En Occident comme en Orient, l’harmonium est un instrument liturgique, et l’on peut penser que Nico l’a choisi comme symbole de convergence entre deux cultures qu’elle tenait à marier dans sa musique. Elle aimait parler de « poésie dialectique » pour décrire son œuvre. Lorsqu’elle quitte le Velvet Underground, à partir du moment où elle pose ses mains sur le clavier de l’harmonium pour devenir maîtresse de son destin, la seule pulsion de vie qui l’anime est cette obsession de construire une œuvre. Le reste du temps, elle est entièrement gouvernée par la Todessehnsucht. La vie est difficile – enfance dans les ruines, père exécuté par les nazis, viol, fils non reconnu par celui qu’elle pense être son géniteur, folie puis mort de la mère –, la vie donne envie de mourir. Pour la supporter, il faut s’injecter la poudre philosophale, le viatique qui, tout en l’aidant à vivre, la détruit peu à peu – c’est le principe de La Peau de chagrin, et le thème de la chanson « Saeta » : l’art est une vie parallèle, une vie au-delà de la mort, qui apporte tout ce qui est nécessaire pour vivre, mais qui est aussi le contraire de la vie. Il faut donner son sang à l’œuvre, la nourrir de visions afin qu’elle confère l’immortalité, et pour cela, il est nécessaire de se plonger dans des états proches de la mort, chimiquement induits dans le cas de Nico. L’art fait vivre éternellement et permet de supporter le quotidien en le sublimant, mais l’art consume la vie. C’est, en somme, le contraire d’un pacte faustien : la vie est renoncée au nom de l’art, qui en retour assure la vie éternelle – mais après la mort. Ce thème prométhéen est fréquent chez les romantiques allemands. Wagner l’illustre avec le personnage d’Amfortas dans Parsifal. Le Roi pêcheur, gardien du Graal et prêtre de son rituel, symbolise l’artiste déchiré, torturé par son œuvre même, par la fonction qui lui incombe. On retrouve cette figure chez Balzac et jusque chez Proust. Ce paradoxe du renoncement à la vie, au nom de la vie éternelle dans l’œuvre, peut être symbolisé dans la musique de Nico par l’inversion des mains sur le clavier : sur le conseil d’Ornette Coleman, elle décide, dans beaucoup de ses chansons, de jouer l’accompagnement dans les notes aiguës, et la mélodie dans les basses, ce qui donne une couleur particulièrement solennelle, voire tragique, à ces mélodies d’inspiration pourtant folklorique.

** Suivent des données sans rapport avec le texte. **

(* Let $m,n,k$ be positive integers with $(m,k-1)=1$ and $n=\mathrm{ind}_m(k)$, let $G=G(m,n,k)=\langle a,b;\ a^m=1,\ b^n=1,\ b^{-1}ab=a^k\rangle$, let $S\subseteq\mathbb{Z}_m$ be a base and let $x\in S^*$. Then $\mathrm{orb}(x,S^* )$ is basic if and only if the $x$-family $\mathcal{F}_G(x,S)$ is complete.
   Context: $\mathrm{ind}_m(k)$ is the least positive integer $d$ with $k^d\equiv 1\pmod m$. Elements of $G$ are written uniquely as $a^ib^j$, $i\in\mathbb{Z}_m$, $j\in\mathbb{Z}_n$; $k_t=k^t-1\pmod m$. Maps are written on the right and composed left to right. For $x,y\in\mathbb{Z}_m$, $\mu(x,y):G\to G$ is $(a^ib^j)\mu(x,y)=a^{xik^j-yk_j}$, and $C(x,y)=\{\mu(x,yz):z\in\mathbb{Z}_m\}$. For $S\subseteq\mathbb{Z}_m$, $I(S)$ is the set of elements of $S$ invertible in $\mathbb{Z}_m$ and $S^*$ is the multiplicative subsemigroup of $\mathbb{Z}_m$ generated by $S$. A base is $S\subseteq \mathbb{Z}_m$ with $0\in S$ and $I(S)\ne\varnothing$. $\Sigma_G(S)$ is the semigroup under composition generated by $\{\mu(s,z):s\in S,z\in\mathbb{Z}_m\}$. For $x\in S^*$, $Y(x)=\{s^*z: s^*\in S^*, z\in\mathbb{Z}_m, \exists s\in S,\ x\equiv ss^*\pmod m\}$, $\mathcal{F}_G(x,S)=\{C(x,y):y\in Y(x)\}$, and $\mathcal{F}_G(x,S)$ is complete if $C(x,1)\in\mathcal{F}_G(x,S)$. The orbit of $x$ is $\mathrm{orb}(x,S^* )=\{xy: y\in I(S^* )\}$, and it is basic if $\mathrm{orb}(x,S^* )\cap S\neq\varnothing$. *)

theory Defs
  imports "HOL-Number_Theory.Number_Theory" "HOL-Library.FuncSet"
begin

text \<open>Z_m is represented by the integers {0..<m}; the element a^i b^j of
G(m,n,k) is represented by the pair (i,j) with 0 \<le> i < m, 0 \<le> j < n.
The index ind_m(k) is the library notion ord m k.\<close>

definition Zm :: "nat \<Rightarrow> int set" where
  "Zm m = {0..<int m}"

definition Gcar :: "nat \<Rightarrow> nat \<Rightarrow> (int \<times> nat) set" where
  "Gcar m n = Zm m \<times> {0..<n}"

text \<open>(a^i b^j) mu(x,y) = a^(x i k^j - y k_j), k_j = k^j - 1 (mod m).\<close>
definition mu :: "nat \<Rightarrow> nat \<Rightarrow> nat \<Rightarrow> int \<Rightarrow> int \<Rightarrow> (int \<times> nat \<Rightarrow> int \<times> nat)" where
  "mu m n k x y = restrict
     (\<lambda>(i, j). ((x * i * int k ^ j - y * (int k ^ j - 1)) mod int m, 0)) (Gcar m n)"

definition CC :: "nat \<Rightarrow> nat \<Rightarrow> nat \<Rightarrow> int \<Rightarrow> int \<Rightarrow> (int \<times> nat \<Rightarrow> int \<times> nat) set" where
  "CC m n k x y = {mu m n k x ((y * z) mod int m) | z. z \<in> Zm m}"

definition units_part :: "nat \<Rightarrow> int set \<Rightarrow> int set" where
  "units_part m S = {s \<in> S. coprime s (int m)}"

inductive_set semigen :: "nat \<Rightarrow> int set \<Rightarrow> int set" for m S where
  gen: "s \<in> S \<Longrightarrow> s \<in> semigen m S"
| mult: "a \<in> semigen m S \<Longrightarrow> b \<in> semigen m S \<Longrightarrow> (a * b) mod int m \<in> semigen m S"

definition is_base :: "nat \<Rightarrow> int set \<Rightarrow> bool" where
  "is_base m S \<longleftrightarrow> S \<subseteq> Zm m \<and> 0 \<in> S \<and> units_part m S \<noteq> {}"

definition Yset :: "nat \<Rightarrow> int set \<Rightarrow> int \<Rightarrow> int set" where
  "Yset m S x = {(s' * z) mod int m | s' z. s' \<in> semigen m S \<and> z \<in> Zm m \<and>
        (\<exists>s\<in>S. [x = s * s'] (mod int m))}"

definition family :: "nat \<Rightarrow> nat \<Rightarrow> nat \<Rightarrow> int set \<Rightarrow> int \<Rightarrow> (int \<times> nat \<Rightarrow> int \<times> nat) set set" where
  "family m n k S x = {CC m n k x y | y. y \<in> Yset m S x}"

definition family_complete :: "nat \<Rightarrow> nat \<Rightarrow> nat \<Rightarrow> int set \<Rightarrow> int \<Rightarrow> bool" where
  "family_complete m n k S x \<longleftrightarrow> CC m n k x 1 \<in> family m n k S x"

definition orb :: "nat \<Rightarrow> int set \<Rightarrow> int \<Rightarrow> int set" where
  "orb m T x = {(x * y) mod int m | y. y \<in> units_part m T}"

definition orb_basic :: "nat \<Rightarrow> int set \<Rightarrow> int \<Rightarrow> bool" where
  "orb_basic m S x \<longleftrightarrow> orb m (semigen m S) x \<inter> S \<noteq> {}"

end

theory Submission
  imports Defs
begin

text \<open>Both conditions are equivalent to the existence of \<open>s \<in> S\<close> and a unit \<open>u \<in> S\<^sup>*\<close>
with \<open>x \<equiv> s u\<close>. For the orbit this uses that the inverse of a unit of \<open>S\<^sup>*\<close>, being a power
of it, lies again in \<open>S\<^sup>*\<close>. For the family, \<open>C(x,y) = C(x,1)\<close> holds exactly when \<open>y\<close> is a
unit: evaluating \<open>\<mu>(x, y z)\<close> at \<open>b\<close> gives \<open>a\<^bsup>-yz(k-1)\<^esup>\<close>, and \<open>k - 1\<close> is invertible
modulo \<open>m\<close>.\<close>

lemma euler_theorem_int:
  fixes a :: int
  assumes "coprime a (int m)"
  shows "[a ^ totient m = 1] (mod int m)"
proof (cases "m \<le> 1")
  case True
  then consider "m = 0" | "m = 1" by linarith
  then show ?thesis
    using assms by cases (auto simp: cong_def zmod_int)
next
  case False
  then have "residues (int m)" by (simp add: residues_def)
  from residues.euler_theorem[OF this assms] show ?thesis by simp
qed

lemma semigen_subset_Zm:
  assumes "S \<subseteq> Zm m" "0 < m"
  shows "semigen m S \<subseteq> Zm m"
proof
  fix a assume "a \<in> semigen m S"
  then show "a \<in> Zm m"
    by induction (use assms in \<open>auto simp: Zm_def\<close>)
qed

lemma semigen_power_mod:
  assumes "S \<subseteq> Zm m" "0 < m" "a \<in> semigen m S"
  shows "a ^ Suc t mod int m \<in> semigen m S"
proof (induction t)
  case 0
  have "a \<in> Zm m" using semigen_subset_Zm assms by blast
  then show ?case using assms(3) by (simp add: Zm_def)
next
  case (Suc t)
  have "(a ^ Suc t mod int m * a) mod int m = a ^ Suc (Suc t) mod int m"
    by (metis mod_mult_left_eq power_Suc2)
  with semigen.mult[OF Suc assms(3)] show ?case by simp
qed

lemma semigen_unit_inverse:
  assumes "S \<subseteq> Zm m" "0 < m" "a \<in> semigen m S" "coprime a (int m)"
  obtains b where "b \<in> semigen m S" "coprime b (int m)" "[a * b = 1] (mod int m)"
proof -
  define T where "T = totient m"
  have "0 < T" using assms(2) by (simp add: T_def)
  \<comment> \<open>The exponent \<open>2T - 1\<close> (not \<open>T - 1\<close>) is positive even for \<open>T = 1\<close>, where \<open>1\<close> need not lie in \<open>S\<^sup>*\<close>.\<close>
  define b where "b = a ^ Suc (2 * T - 2) mod int m"
  have "Suc (Suc (2 * T - 2)) = T * 2" using \<open>0 < T\<close> by simp
  then have "a * a ^ Suc (2 * T - 2) = (a ^ T) ^ 2"
    by (metis power_Suc power_mult)
  moreover have "[(a ^ T) ^ 2 = 1] (mod int m)"
    using cong_pow[OF euler_theorem_int[OF assms(4)], of 2] by (simp add: T_def)
  ultimately have inverse: "[a * b = 1] (mod int m)"
    unfolding b_def by (metis cong_def mod_mult_right_eq)
  then have "coprime b (int m)"
    by (metis cong_imp_coprime cong_sym coprime_1_left coprime_mult_left_iff)
  moreover have "b \<in> semigen m S"
    unfolding b_def using semigen_power_mod assms(1-3) by blast
  ultimately show ?thesis using that inverse by blast
qed

lemma orb_basic_iff:
  assumes "S \<subseteq> Zm m" "0 < m"
  shows "orb_basic m S x \<longleftrightarrow>
    (\<exists>s\<in>S. \<exists>u\<in>semigen m S. coprime u (int m) \<and> [x = s * u] (mod int m))"
proof
  assume "orb_basic m S x"
  then obtain y where y: "y \<in> semigen m S" "coprime y (int m)" "(x * y) mod int m \<in> S"
    unfolding orb_basic_def orb_def units_part_def by blast
  obtain b where b: "b \<in> semigen m S" "coprime b (int m)" "[y * b = 1] (mod int m)"
    using semigen_unit_inverse[OF assms y(1,2)] .
  have "[(x * y) mod int m * b = x * (y * b)] (mod int m)"
    by (simp add: cong_def mod_mult_left_eq mult.assoc)
  also have "[x * (y * b) = x] (mod int m)"
    using cong_mult[OF cong_refl b(3), of x] by simp
  finally show "\<exists>s\<in>S. \<exists>u\<in>semigen m S. coprime u (int m) \<and> [x = s * u] (mod int m)"
    using y(3) b(1,2) cong_sym by blast
next
  assume "\<exists>s\<in>S. \<exists>u\<in>semigen m S. coprime u (int m) \<and> [x = s * u] (mod int m)"
  then obtain s u where su: "s \<in> S" "u \<in> semigen m S" "coprime u (int m)"
      "[x = s * u] (mod int m)"
    by blast
  obtain b where b: "b \<in> semigen m S" "coprime b (int m)" "[u * b = 1] (mod int m)"
    using semigen_unit_inverse[OF assms su(2,3)] .
  have "[x * b = s * (u * b)] (mod int m)"
    using cong_mult[OF su(4) cong_refl, of b] by (simp add: mult.assoc)
  also have "[s * (u * b) = s] (mod int m)"
    using cong_mult[OF cong_refl b(3), of s] by simp
  finally have "(x * b) mod int m = s"
    using assms su(1) by (auto simp: cong_def Zm_def)
  with su(1) b(1,2) show "orb_basic m S x"
    unfolding orb_basic_def orb_def units_part_def by blast
qed

lemma unit_in_Yset_iff:
  assumes "S \<subseteq> Zm m" "0 < m"
  shows "(\<exists>y\<in>Yset m S x. coprime y (int m)) \<longleftrightarrow>
    (\<exists>s\<in>S. \<exists>u\<in>semigen m S. coprime u (int m) \<and> [x = s * u] (mod int m))"
proof
  assume "\<exists>y\<in>Yset m S x. coprime y (int m)"
  then obtain s u z where unit: "coprime ((u * z) mod int m) (int m)"
      and su: "u \<in> semigen m S" "s \<in> S" "[x = s * u] (mod int m)"
    unfolding Yset_def by blast
  have "coprime u (int m)" using unit assms(2) by simp
  with su show "\<exists>s\<in>S. \<exists>u\<in>semigen m S. coprime u (int m) \<and> [x = s * u] (mod int m)"
    by blast
next
  assume "\<exists>s\<in>S. \<exists>u\<in>semigen m S. coprime u (int m) \<and> [x = s * u] (mod int m)"
  then obtain s u where su: "s \<in> S" "u \<in> semigen m S" "coprime u (int m)"
      "[x = s * u] (mod int m)"
    by blast
  have "u \<in> Zm m" using semigen_subset_Zm[OF assms] su(2) by blast
  then have "u = (u * (1 mod int m)) mod int m"
    by (simp add: Zm_def mod_mult_right_eq)
  moreover have "1 mod int m \<in> Zm m" using assms(2) by (simp add: Zm_def)
  ultimately have "u \<in> Yset m S x"
    unfolding Yset_def using su by blast
  with su(3) show "\<exists>y\<in>Yset m S x. coprime y (int m)" by blast
qed

lemma mu_cong:
  assumes "[y1 = y2] (mod int m)"
  shows "mu m n k x y1 = mu m n k x y2"
proof -
  have "[x * i * int k ^ j - y1 * (int k ^ j - 1)
       = x * i * int k ^ j - y2 * (int k ^ j - 1)] (mod int m)" for i j
    using assms by (intro cong_diff cong_mult cong_refl)
  then show ?thesis unfolding mu_def by (simp add: cong_def)
qed

lemma CC_eq_image:
  "CC m n k x y = mu m n k x ` (\<lambda>z. (y * z) mod int m) ` Zm m"
  unfolding CC_def by blast

lemma mult_mod_image_Zm:
  assumes "coprime y (int m)" "0 < m"
  shows "(\<lambda>z. (y * z) mod int m) ` Zm m = Zm m"
proof
  show "(\<lambda>z. (y * z) mod int m) ` Zm m \<subseteq> Zm m"
    using assms(2) by (auto simp: Zm_def)
next
  obtain y' where y': "[y * y' = 1] (mod int m)"
    using cong_solve_coprime_int[OF assms(1)] by blast
  show "Zm m \<subseteq> (\<lambda>z. (y * z) mod int m) ` Zm m"
  proof
    fix w assume "w \<in> Zm m"
    have "(y * ((y' * w) mod int m)) mod int m = ((y * y') * w) mod int m"
      by (simp add: mod_mult_right_eq mult.assoc)
    also have "\<dots> = w"
      using cong_mult[OF y' cong_refl, of w] \<open>w \<in> Zm m\<close> by (simp add: cong_def Zm_def)
    moreover have "(y' * w) mod int m \<in> Zm m"
      using assms(2) by (simp add: Zm_def)
    ultimately show "w \<in> (\<lambda>z. (y * z) mod int m) ` Zm m"
      by (metis image_eqI)
  qed
qed

lemma mu_at_b:
  assumes "0 < m" "1 < n"
  shows "mu m n k x y (0, 1) = ((- y * (int k - 1)) mod int m, 0)"
  using assms by (simp add: mu_def Gcar_def Zm_def)

lemma coprime_if_CC_eq_CC_one:
  assumes "0 < m" "1 < n" "coprime (int k - 1) (int m)"
    and "CC m n k x y = CC m n k x 1"
  shows "coprime y (int m)"
proof -
  have "1 mod int m \<in> Zm m" using assms(1) by (simp add: Zm_def)
  then have "mu m n k x ((1 * (1 mod int m)) mod int m) \<in> CC m n k x 1"
    unfolding CC_def by blast
  moreover have "mu m n k x ((1 * (1 mod int m)) mod int m) = mu m n k x 1"
    by (rule mu_cong) (simp add: cong_def)
  ultimately obtain z where "mu m n k x 1 = mu m n k x ((y * z) mod int m)"
    using assms(4) unfolding CC_def by auto
  then have "(- 1 * (int k - 1)) mod int m = (- ((y * z) mod int m) * (int k - 1)) mod int m"
    using mu_at_b[OF assms(1,2)] by (metis prod.inject)
  then have "[- (int k - 1) = - ((y * z) mod int m * (int k - 1))] (mod int m)"
    by (simp add: cong_def)
  then have "[(int k - 1) * 1 = (int k - 1) * ((y * z) mod int m)] (mod int m)"
    by (metis cong_minus_minus_iff mult.commute mult_1_right)
  then have "[1 = (y * z) mod int m] (mod int m)"
    using cong_mult_lcancel[OF assms(3)] by blast
  then have "[1 = y * z] (mod int m)"
    by (simp add: cong_def)
  then show ?thesis
    using cong_imp_coprime[of 1 "y * z" "int m"] by simp
qed

lemma CC_eq_CC_one_iff:
  assumes "0 < m" "1 < n \<or> m = 1" "coprime (int k - 1) (int m)"
  shows "CC m n k x y = CC m n k x 1 \<longleftrightarrow> coprime y (int m)"
proof
  assume "CC m n k x y = CC m n k x 1"
  with assms show "coprime y (int m)"
    using coprime_if_CC_eq_CC_one[OF assms(1) _ assms(3)] by (cases "m = 1") auto
next
  assume "coprime y (int m)"
  with assms(1) show "CC m n k x y = CC m n k x 1"
    by (simp only: CC_eq_image mult_mod_image_Zm coprime_1_left)
qed

lemma family_complete_iff_unit_in_Yset:
  assumes "0 < m" "1 < n \<or> m = 1" "coprime (int k - 1) (int m)"
  shows "family_complete m n k S x \<longleftrightarrow> (\<exists>y\<in>Yset m S x. coprime y (int m))"
proof -
  have "family_complete m n k S x \<longleftrightarrow> (\<exists>y\<in>Yset m S x. CC m n k x y = CC m n k x 1)"
    unfolding family_complete_def family_def by blast
  then show ?thesis
    using CC_eq_CC_one_iff[OF assms] by simp
qed

lemma one_less_ord:
  fixes m k :: nat
  assumes "1 < m" "coprime m (k - 1)" "0 < ord m k"
  shows "1 < ord m k"
proof (rule ccontr)
  assume "\<not> 1 < ord m k"
  with assms(3) have "ord m k = Suc 0" by linarith
  then have "[k = 1] (mod m)" by (rule ord_eq_Suc_0_iff[THEN iffD1])
  then have "m dvd k - 1" by (rule cong_to_1_nat)
  with assms(2) have "is_unit m"
    using coprime_common_divisor[of m "k - 1" m] by simp
  with assms(1) show False by simp
qed

theorem theorem4p10:
  fixes m n k :: nat and S :: "int set" and x :: int
  assumes "m > 0" "n > 0" "k > 0"
    and "gcd m (k - 1) = 1"
    and "n = ord m k"
    and "is_base m S"
    and "x \<in> semigen m S"
  shows "orb_basic m S x \<longleftrightarrow> family_complete m n k S x"
proof -
  have S: "S \<subseteq> Zm m" using assms(6) by (simp add: is_base_def)
  have coprime_nat: "coprime m (k - 1)" using assms(4) coprime_iff_gcd_eq_1 by blast
  then have "coprime (int (k - 1)) (int m)" using coprime_commute by auto
  then have coprime_int: "coprime (int k - 1) (int m)" using assms(3) by (simp add: of_nat_diff)
  have n: "1 < n \<or> m = 1"
  proof (cases "m = 1")
    case False
    with assms(1) have "1 < m" by simp
    with one_less_ord[OF this coprime_nat] assms(2,5) show ?thesis by simp
  qed simp
  have "orb_basic m S x \<longleftrightarrow>
      (\<exists>s\<in>S. \<exists>u\<in>semigen m S. coprime u (int m) \<and> [x = s * u] (mod int m))"
    by (rule orb_basic_iff[OF S assms(1)])
  also have "\<dots> \<longleftrightarrow> (\<exists>y\<in>Yset m S x. coprime y (int m))"
    by (rule unit_in_Yset_iff[OF S assms(1), symmetric])
  also have "\<dots> \<longleftrightarrow> family_complete m n k S x"
    by (rule family_complete_iff_unit_in_Yset[OF assms(1) n coprime_int, symmetric])
  finally show ?thesis .
qed

end
lemma binomial_mult_power_le:
  assumes "a \<le> m"
  shows "real (a choose j) * real m ^ j \<le> real (m choose j) * real a ^ j"
proof (induction j)
  case 0 then show ?case by simp
next
  case (Suc j)
  show ?case
  proof (cases "j < a")
    case False
    then show ?thesis by (simp add: binomial_eq_0)
  next
    case True
    have ra: "real (a - j) = real a - real j" using True by simp
    have rm: "real (m - j) = real m - real j" using True assms by simp
    have key: "(real a - real j) * real m \<le> (real m - real j) * real a"
    proof -
      have "real a * real j \<le> real m * real j" using assms by (intro mult_right_mono) simp_all
      then show ?thesis by (simp add: algebra_simps)
    qed
    have nn: "(real a - real j) * real m \<ge> 0" using True by simp
    have "real (a choose Suc j) * real m ^ Suc j
        = ((real a - real j) * real m) * (real (a choose j) * real m ^ j) / real (Suc j)"
      unfolding of_nat_binomial_Suc ra by (simp add: field_simps)
    also have "\<dots> \<le> ((real a - real j) * real m) * (real (m choose j) * real a ^ j) / real (Suc j)"
      by (intro divide_right_mono mult_left_mono Suc.IH nn) simp
    also have "\<dots> \<le> ((real m - real j) * real a) * (real (m choose j) * real a ^ j) / real (Suc j)"
      by (intro divide_right_mono mult_right_mono key) simp_all
    also have "\<dots> = real (m choose Suc j) * real a ^ Suc j"
      unfolding of_nat_binomial_Suc[of m j] rm by (simp add: field_simps)
    finally show ?thesis .
  qed
qed

lemma binomial_ratio_le_power:
  assumes "a \<le> m" "k \<le> m"
  shows "real (a choose k) / real (m choose k) \<le> (real a / real m) ^ k"
proof (cases "m = 0")
  case True then show ?thesis using assms by simp
next
  case False
  have m_pos: "real m > 0" using False by simp
  have C_pos: "real (m choose k) > 0" using assms by simp
  show ?thesis using binomial_mult_power_le[OF assms(1), of k] m_pos C_pos
    by (simp add: power_divide divide_simps mult.commute)
qed
(* Let $\mathcal H=\{h_1,\dots,h_k\}$ be an admissible set of $k\ge 2$ distinct integers with $0\in\mathcal H$, let $0\le \ell_1,\ell_2\le k$, and let $p<R$ be prime. Then \[ U_1(p)=-\sum_{\substack{(r,A)=1\\(r,p)=1}}\frac{z^*_{r,p,\ell_1}y^*_{r,\ell_2}}{f_1^*(r)}-\frac{\nu_p^*}{p-1}\sum_{\substack{(r,A)=1\\(r,p)=1}}\frac{z^*_{r,p,\ell_1}z^*_{r,p,\ell_2}}{f_1^*(r)}, \] and \[ U_3(p)=\sum_{\substack{(r,A)=1\\(r,p)=1}}\frac{z^*_{r,p,\ell_1}z^*_{r,p,\ell_2}}{f_1^*(r)}. \]
   Context: $P(n;\mathcal H)=\prod_{h\in\mathcal H}(n+h)$. For squarefree $d$: - $\nu_d$ is the number of residues $a$ mod $d$ with $P(a;\mathcal H)\equiv0\pmod d$; - $\nu^*_d$ is the number of such $a$ that additionally satisfy $(a,d)=1$ (so $\nu^*_d=\prod_{p\mid d}(\nu_p-1)$). The set $\mathcal H$ is admissible if $\nu_p<p$ for all $p$. Let $\mathfrak S(\mathcal H)=\prod_p(1-\nu_p/p)(1-1/p)^{-k}$. For squarefree $d$, let $f(d)=d/\nu_d$ and $f_1(d)=\prod_{p\mid d}(p-\nu_p)/\nu_p$. For $R>1$, \[ \lambda_{d,\ell}=\mu(d)\frac{f(d)}{f_1(d)}\frac{\mathfrak S(\mathcal H)}{\ell!}\sum_{r<R/d,(r,d)=1}\frac{\mu^2(r)}{f_1(r)}(\log\tfrac R{rd})^\ell\quad\text{for } d<R, \] and $\lambda_{d,\ell}=0$ for $d\ge R$. Let $A$ be the product of the primes $p$ with $\nu^*_p=0$. For squarefree $r$ with $(r,A)=1$, let $f^*(r)=\phi(r)/\nu^*_r$ and $f_1^*(r)=\prod_{p\mid r}\frac{p-\nu_p}{\nu_p-1}$. Define \[ y^*_{r,\ell}=\mu(r)f_1^*(r)\sum_{(d,A)=1}\frac{\lambda_{dr,\ell}}{f^*(dr)}\quad\text{if } (r,A)=1,\ r<R, \] and $0$ otherwise. Define \[ z^*_{r,p,\ell}=\mu(pr)f_1^*(r)\sum_{(d,A)=1}\frac{\lambda_{drp,\ell}}{f^*(dr)}\quad\text{if } r<R/p,\ (r,A)=1, \] and $0$ otherwise. Finally, \[ U_1(p)=\sum_{d,e:\ p\mid d,\ p\nmid e}\frac{\lambda_{d,\ell_1}\lambda_{e,\ell_2}\nu^*_{[d,e]/p}}{\phi([d,e]/p)},\qquad U_3(p)=\sum_{d,e:\ p\mid d,\ p\mid e}\frac{\lambda_{d,\ell_1}\lambda_{e,\ell_2}\nu^*_{[d,e]/p}}{\phi([d,e]/p)}. \] *)

theory Defs
  imports "HOL-Analysis.Analysis" "HOL-Number_Theory.Number_Theory" "HOL-Computational_Algebra.Squarefree"
begin

definition Ppoly :: "int set \<Rightarrow> int \<Rightarrow> int" where
  "Ppoly H n = (\<Prod>h\<in>H. n + h)"

definition nu :: "int set \<Rightarrow> nat \<Rightarrow> nat" where
  "nu H d = card {a \<in> {0..<d}. int d dvd Ppoly H (int a)}"

definition nustar :: "int set \<Rightarrow> nat \<Rightarrow> nat" where
  "nustar H d = card {a \<in> {0..<d}. int d dvd Ppoly H (int a) \<and> coprime a d}"

definition admissible :: "int set \<Rightarrow> bool" where
  "admissible H \<longleftrightarrow> (\<forall>p::nat. prime p \<longrightarrow> nu H p < p)"

definition mu :: "nat \<Rightarrow> real" where
  "mu n = (if n > 0 \<and> squarefree n then (-1) ^ card (prime_factors n) else 0)"

definition singseries :: "int set \<Rightarrow> real" where
  "singseries H = (\<Prod>n. if prime n
      then (1 - real (nu H n) / real n) / (1 - 1 / real n) ^ card H else 1)"

definition f :: "int set \<Rightarrow> nat \<Rightarrow> real" where
  "f H d = real d / real (nu H d)"

definition f1 :: "int set \<Rightarrow> nat \<Rightarrow> real" where
  "f1 H d = (\<Prod>p\<in>prime_factors d. (real p - real (nu H p)) / real (nu H p))"

definition lam :: "int set \<Rightarrow> real \<Rightarrow> nat \<Rightarrow> nat \<Rightarrow> real" where
  "lam H R l d = (if 0 < d \<and> real d < R then
      mu d * f H d / f1 H d * singseries H / fact l *
      (\<Sum>r\<in>{r. 0 < r \<and> real r < R / real d \<and> coprime r d}.
          (mu r)^2 / f1 H r * (ln (R / (real r * real d))) ^ l)
    else 0)"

L’album Drama of exile consacre aussi l’exil loin de l’harmonium, le retour à l’électricité du rock. Dans votre essai, vous écrivez que le titre est emprunté à la poétesse Elizabeth Browning. Comment situez-vous cet album par rapport à The Marble Index, Desertshore, The End ?

The Drama of Exile paraît au début des années quatre-vingt, à une époque où la plupart des figures du rock des deux décennies précédentes sont en perdition, et alors que le rock lui-même est en train d’être transformé en variété funk. Le David Bowie de Let’s Dance, et surtout des albums qui suivront, est emblématique de cette perte de profondeur, d’intensité, d’un genre qui, malgré la brève explosion punk, semble à bout de souffle. C’est loin des modes et des radios FM que la cold wave réinvente le langage rock, notamment en le délestant de toute référence au blues, comme Nico la première l’avait fait, et Nico retrouve un public parmi les jeunes gens en noir de cette génération-là, dont naîtra la scène gothique. C’est dans ce contexte que, après sept ans de silence discographique, elle enregistre son nouvel album. Les planances de l’orgue ne sont plus de saison : le choix d’un groupe de rock pour l’accompagner est évidemment commercial. On dirait aujourd’hui qu’il s’agit de « dépoussiérer » Nico, comme l’on veut désormais, pour le pire et le meilleur, « dépoussiérer » Racine ou Wagner – comme s’ils en avaient besoin!. Elle envisageait de s’accompagner au piano – or, l’intérêt de Drama of Exile réside non seulement dans la qualité des nouvelles compositions, presque toutes écrites à l’harmonium, mais surtout dans les brillants arrangements de Philippe Quilichini, qui, en construisant autour d’elle un environnement rock oriental, réussit à faire sonner Nico comme une sœur jumelle du Bowie de Lodger. La Nico des années quatre-vingt, celle qui porte des pantalons de cuir plutôt que les capes noires qui ont fait sa légende, est plus moderne, plus rock que celle de la trilogie alchimique, mais la filiation romantique reste présente, à travers la référence à Elizabeth Browning, et les photos d’Antoine Giacomoni, prises dans des cimetières victoriens, qui ornent la pochette de l’album.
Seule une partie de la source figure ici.